The S3 bucket behind https://cache.nixos.org contains more than 1 billion files requiring more than 600 TB of storage. This project is yet another attempt at garbage collecting that behemoth.
We started out in the summer of 2025 building a write-through proxy that would sit between Hydra and the S3 bucket during upload, parsing Narinfo files and storing the metadata in a Postgres db.
Combined with an historical import process based on the S3 Inventory Service, this would have allowed a real-time view of every store path within the cache and how they related to each other. From there, we could develop GC strategies.
We got pretty far along this path before a pause due to other commitments. When we returned to finish it, we quickly realised that a rewrite of the Hydra Queue Runner would introduce architectural changes that would mean a write-through proxy was no longer appropriate.
So we shifted gears and adapted the approach to work with S3 Notification Events instead to track changes to the bucket.

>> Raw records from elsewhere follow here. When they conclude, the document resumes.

lemma real_roots_counts:
  assumes "Im mu1 = 0" "Im mu2 = 0" "Im mu3 = 0"
  shows "(b - a) * (a + b + 2) < 0 \<Longrightarrow> inside_count = 2 \<and> outside_count = 1"
    and "(b - a) * (a + b + 2) > 0 \<Longrightarrow> inside_count = 1 \<and> outside_count = 2"
proof -
  obtain r1 r2 r3 where mu: "mu1 = of_real r1" "mu2 = of_real r2" "mu3 = of_real r3"
    using assms by (metis complex_is_Real_iff Reals_cases)
  have "of_real (r1 * r2 * r3) = (1 :: complex)" using prod_roots unfolding mu by simp
  then have prod: "\<bar>r1\<bar> * \<bar>r2\<bar> * \<bar>r3\<bar> = 1" by (simp only: of_real_eq_1_iff abs_mult[symmetric] abs_one)
  have "of_real ((r1^2 - 1) * (r2^2 - 1) * (r3^2 - 1)) = (- of_real ((b - a) * (a + b + 2)) :: complex)"
    using square_product_eq unfolding mu by simp
  then have "(b - a) * (a + b + 2) = - ((r1^2 - 1) * (r2^2 - 1) * (r3^2 - 1))"
    by (simp only: of_real_minus[symmetric] of_real_eq_iff)
  also have "r^2 - 1 = (\<bar>r\<bar> - 1) * (\<bar>r\<bar> + 1)" for r :: real
    by (simp add: algebra_simps abs_mult_self power2_eq_square)
  then have "(r1^2 - 1) * (r2^2 - 1) * (r3^2 - 1)
      = ((\<bar>r1\<bar> - 1) * (\<bar>r2\<bar> - 1) * (\<bar>r3\<bar> - 1)) * ((\<bar>r1\<bar> + 1) * (\<bar>r2\<bar> + 1) * (\<bar>r3\<bar> + 1))"
    by (simp only: ac_simps)
  finally have eq: "(b - a) * (a + b + 2)
      = - (((\<bar>r1\<bar> - 1) * (\<bar>r2\<bar> - 1) * (\<bar>r3\<bar> - 1)) * ((\<bar>r1\<bar> + 1) * (\<bar>r2\<bar> + 1) * (\<bar>r3\<bar> + 1)))" .
  have pos: "(\<bar>r1\<bar> + 1) * (\<bar>r2\<bar> + 1) * (\<bar>r3\<bar> + 1) > 0" by simp
  have sign_mult_pos: "- (p * q) < 0 \<longleftrightarrow> p > 0" "- (p * q) > 0 \<longleftrightarrow> p < 0" if "q > 0" for p q :: real
    using that by (simp_all add: zero_less_mult_iff mult_less_0_iff)
  have sign: "(b - a) * (a + b + 2) < 0 \<longleftrightarrow> (\<bar>r1\<bar> - 1) * (\<bar>r2\<bar> - 1) * (\<bar>r3\<bar> - 1) > 0"
      "(b - a) * (a + b + 2) > 0 \<longleftrightarrow> (\<bar>r1\<bar> - 1) * (\<bar>r2\<bar> - 1) * (\<bar>r3\<bar> - 1) < 0"
    unfolding eq using sign_mult_pos[OF pos] by simp_all
  have len: "length (filter (\<lambda>z. P (cmod z)) [mu1, mu2, mu3]) = length (filter P [\<bar>r1\<bar>, \<bar>r2\<bar>, \<bar>r3\<bar>])"
    for P unfolding mu by simp
  show "(b - a) * (a + b + 2) < 0 \<Longrightarrow> inside_count = 2 \<and> outside_count = 1"
    using prod_eq_one_counts_pos[OF _ _ _ prod] sign(1)
    unfolding len[of "\<lambda>t. t < 1"] len[of "\<lambda>t. t > 1"] by simp
  show "(b - a) * (a + b + 2) > 0 \<Longrightarrow> inside_count = 1 \<and> outside_count = 2"
    using prod_eq_one_counts_neg[OF _ _ _ prod] sign(2)
    unfolding len[of "\<lambda>t. t < 1"] len[of "\<lambda>t. t > 1"] by simp
qed

lemma conjugate_pair_counts:
  assumes M: "{#mu1, mu2, mu3#} = {#of_real r, w, cnj w#}" and w: "Im w \<noteq> 0"
  shows "(b - a) * (a + b + 2) < 0 \<Longrightarrow> inside_count = 2 \<and> outside_count = 1"
    and "(b - a) * (a + b + 2) > 0 \<Longrightarrow> inside_count = 1 \<and> outside_count = 2"
proof -
  note moduli = conjugate_pair_moduli[OF M]
  note square_product = conjugate_pair_square_product[OF M w]
  have len: "length (filter P [mu1, mu2, mu3]) = length (filter P [of_real r, w, cnj w])" for P
    unfolding length_filter_eq_size_filter_mset using M by simp
  have "cmod w < 1 \<longleftrightarrow> (cmod w)^2 < 1" "cmod w > 1 \<longleftrightarrow> (cmod w)^2 > 1"
    using abs_square_less_1[of "cmod w"] abs_square_le_1[of "cmod w"] by auto
  moreover have "(cmod w)^2 > 0" using moduli(1) by (cases "w = 0") auto
  then have "r > 1 \<longleftrightarrow> (cmod w)^2 < 1" "(cmod w)^2 > 1 \<longleftrightarrow> r < 1"
    using mult_eq_one_gt_one_iff[OF moduli] mult_eq_one_gt_one_iff[of "(cmod w)^2" r] moduli(1)
    by (simp_all add: mult.commute)
  ultimately have cmod_w: "cmod w < 1 \<longleftrightarrow> r > 1" "cmod w > 1 \<longleftrightarrow> r < 1" by simp_all
  have "r^2 > 1 \<longleftrightarrow> r > 1" "r^2 < 1 \<longleftrightarrow> r < 1"
    using abs_square_le_1[of r] abs_square_less_1[of r] moduli(2) by auto
  moreover have "(cmod (w^2 - 1))^2 > 0" using square_product(2) by simp
  ultimately have "(b - a) * (a + b + 2) < 0 \<longleftrightarrow> r > 1" "(b - a) * (a + b + 2) > 0 \<longleftrightarrow> r < 1"
    unfolding square_product(1) by (auto simp: mult_less_0_iff zero_less_mult_iff)
  then show "(b - a) * (a + b + 2) < 0 \<Longrightarrow> inside_count = 2 \<and> outside_count = 1"
      "(b - a) * (a + b + 2) > 0 \<Longrightarrow> inside_count = 1 \<and> outside_count = 2"
    unfolding len using cmod_w moduli(2) by auto
qed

This lasted little more than a week before Simon Hauser pointed out in the bi-weekly queue runner meeting that "Hydra should have all this state".
We are currently investigating the assertion made by Simon. So far it seems that Hydra does indeed have a record of 99.5% of the store paths ever uploaded to the cache.
What it does not have (to the best of our understanding) is knowledge of how those paths relate to each other. We are currently investigating what it would take to import that history and maintain it going forward.
In parallel, we have begun interrogating the inventory data and downloaded Narinfos we already have to see if there are any quick wins.
A proper write-up of those findings will be published in the near-future, along with the underlying datasets so that others can verify them and perhaps identify other opportunities.
Note
This repository still retains some of the server functionality we developed, but is now mostly focused on inventory analysis and export.